We all learn; we are all learning organizations. The intensity of the violence in Kandahar was unexpected.
Speaking of the RG-31, we will eventually have 75 of these vehicles in total. It is designed to replace some of the much more thinly metalled, not armoured, vehicles that we've been using for patrols and moving around some of our great friends from the civil service. It has saved a large number of lives. It was rushed into service without adequate training done in Canada, because people such as me made the decision that it was better to get it into theatre where it could resist the IEDs and blasts, and we'd catch up with training at a later date.
As for the actual number of lives it's saved, I could research that question, but of course it becomes, at a certain point, an educated guess. Nonetheless, it's literally in the multiple dozens, and I have not included the numbers of wounded we might otherwise have suffered—keeping in mind we have still suffered hundreds of soldiers wounded in that timeframe.

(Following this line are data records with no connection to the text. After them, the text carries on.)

lemma exists_interior_max_sub_barrier:
  fixes u :: "complex \<Rightarrow> real"
  assumes "0 < R" and u: "continuous_on (cball 0 R) u" and above: "barrier R 0 < u 0"
  obtains z0 where "norm z0 < R" "\<And>z. z \<in> ball 0 R \<Longrightarrow> u z - barrier R z \<le> u z0 - barrier R z0"
proof -
  have "cball 0 R \<noteq> {}"
    using \<open>0 < R\<close> by simp
  then obtain zM where zM: "\<And>z. z \<in> cball 0 R \<Longrightarrow> u z \<le> u zM"
    using continuous_attains_sup[OF compact_cball _ u] by blast
  have "0 < u zM"
    using zM[of 0] above barrier_pos[of 0 R] \<open>0 < R\<close> by simp
  then obtain \<rho> where \<rho>: "0 \<le> \<rho>" "\<rho> < R" "\<And>z. \<rho> < norm z \<Longrightarrow> norm z < R \<Longrightarrow> u zM \<le> barrier R z"
    using barrier_large_near_boundary \<open>0 < R\<close> by blast
  have "continuous_on (cball 0 \<rho>) (\<lambda>z. u z - barrier R z)"
  proof (intro continuous_intros)
    show "continuous_on (cball 0 \<rho>) u"
      using u \<rho> by (auto elim: continuous_on_subset)
    have "\<forall>z\<in>cball 0 \<rho>. (R\<^sup>2 - (norm z)\<^sup>2)\<^sup>2 \<noteq> 0"
      using \<rho> norm_less_imp_square_diff_pos[of _ R] by force
    then show "continuous_on (cball 0 \<rho>) (barrier R)"
      unfolding barrier_def by (intro continuous_intros)
  qed
  then obtain z0 where "z0 \<in> cball 0 \<rho>"
    and max: "\<And>z. z \<in> ball 0 R \<Longrightarrow> u z - barrier R z \<le> u z0 - barrier R z0"
  proof (rule continuous_attains_sup_ball[OF _ \<rho>(1)])
    show "u z - barrier R z \<le> u 0 - barrier R 0" if "z \<in> ball 0 R" "\<rho> < dist 0 z" for z
      using zM[of z] \<rho>(3)[of z] that above by simp
  qed auto
  then have "norm z0 < R"
    using \<rho> by simp
  with max that show ?thesis
    by blast
qed
text \<open>
  The visits of an exploration of a star are pairwise disjoint time intervals, each starting and
  ending at labels of its edge; conversely any such family of visits, sorted by entry time, is an
  exploration. So it suffices to turn the visits of a maximum exploration into a family of at
  least the same size that visits every \<open>e\<^sub>i, e\<^sub>i', e\<^sub>i''\<close>.

  The labels of a clause edge come in pairs ("slots") \<open>{a, a + 3}\<close>, three possible ones per
  variable \<open>x\<^sub>i\<close>, and no clause label lies strictly inside a slot. Hence a clause edge that enters
  at a label of a slot stays there at least until the end of the slot, and each slot is used by at
  most one clause edge. Rebuild the visits variable by variable: every clause edge is visited
  exactly on its slot, \<open>e\<^sub>i'\<close> at \<open>(50i, 50i+1)\<close>, \<open>e\<^sub>i''\<close> at \<open>(50i+15, 50i+16)\<close>, and \<open>e\<^sub>i\<close> at
  \<open>(50i+10, 50i+13)\<close> if one of the two unnegated slots of \<open>x\<^sub>i\<close> is used and at
  \<open>(50i-10, 50i-7)\<close> otherwise. Only the edge in the negated slot may be lost, and only if an
  unnegated slot is used as well; but then the original exploration cannot have visited both
  \<open>e\<^sub>i\<close> and \<open>e\<^sub>i'\<close>, so it is paid for by one of them.
\<close>

section \<open>Explorations as families of disjoint visits\<close>

definition visit_schedule ::
    "sedge set \<Rightarrow> (sedge \<Rightarrow> nat set) \<Rightarrow> sedge set \<Rightarrow> (sedge \<Rightarrow> nat) \<Rightarrow> (sedge \<Rightarrow> nat) \<Rightarrow> bool" where
  "visit_schedule Es L S s t \<longleftrightarrow> S \<subseteq> Es \<and>
     (\<forall>e\<in>S. s e \<in> L e \<and> t e \<in> L e \<and> s e < t e) \<and>
     (\<forall>e\<in>S. \<forall>e'\<in>S. e \<noteq> e' \<longrightarrow> t e < s e' \<or> t e' < s e)"

lemma visit_schedule_subset:
  "visit_schedule Es L S s t \<Longrightarrow> S' \<subseteq> S \<Longrightarrow> visit_schedule Es L S' s t"
  unfolding visit_schedule_def by blast

lemma is_journey_Cons:
  "is_journey Es L (x # J) \<longleftrightarrow> is_time_edge Es L x \<and> is_journey Es L J \<and>
     (J \<noteq> [] \<longrightarrow> fst (snd x) = fst (hd J) \<and> snd (snd x) < snd (snd (hd J)))"
  unfolding is_journey_def All_less_Suc2 length_Cons
  by (cases J) (auto simp: All_less_Suc2 less_Suc_eq_0_disj)

lemma journey_time_mono:
  assumes "is_journey Es L J" "a < b" "b < length J"
  shows "snd (snd (J ! a)) < snd (snd (J ! b))"
  using assms(2,3)
proof (induction b)
  case (Suc b)
  have "snd (snd (J ! b)) < snd (snd (J ! Suc b))"
    using assms(1) Suc.prems(2) unfolding is_journey_def by blast
  then show ?case
    using Suc by (cases "a = b") auto
qed simp

lemma journey_returns_from_leaf:
  assumes "is_journey Es L J" "J ! a = (Center, Leaf e, l)" "Suc a < length J"
  shows "\<exists>l'. J ! Suc a = (Leaf e, Center, l') \<and> e \<in> Es \<and> l \<in> L e \<and> l' \<in> L e \<and> l < l'"
proof -
  obtain u v l' where next_edge: "J ! Suc a = (u, v, l')"
    by (cases "J ! Suc a") auto
  have "is_time_edge Es L (J ! a)" "is_time_edge Es L (J ! Suc a)"
    "fst (snd (J ! a)) = fst (J ! Suc a)" "snd (snd (J ! a)) < snd (snd (J ! Suc a))"
    using assms(1,3) unfolding is_journey_def by auto
  then show ?thesis
    using assms(2) next_edge unfolding is_time_edge_def by auto
qed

The light armoured remote weapon station, the LAV RWS, took a bit longer. In any land system the huge issue is the balance between firepower, mobility, and protection. In this case, of course, protection came to the fore and the LAV exceeded its weight budget, so a variety of engineering studies had to be done before it could be implemented.
The Leopard 2 tank has saved innumerable lives, and its main role now, as mentioned by the deputy minister and the ADM of materiel, is to take the hit. It goes down the road first, receives the blast, and, at the moment of truth, can assist our soldiers by firing on their objective with its main gun.
Of course, the armoured heavy support truck is probably the second most heavily protected vehicle in theatre, and arguably the most protected truck in the world in comparison with more lightly skinned logistics vehicles, in which we've had tragedies. We have yet to have a fatality in the armoured heavy truck, even though it's taken innumerable hits from IEDs and direct fire.
Does that summarize the issues, sir?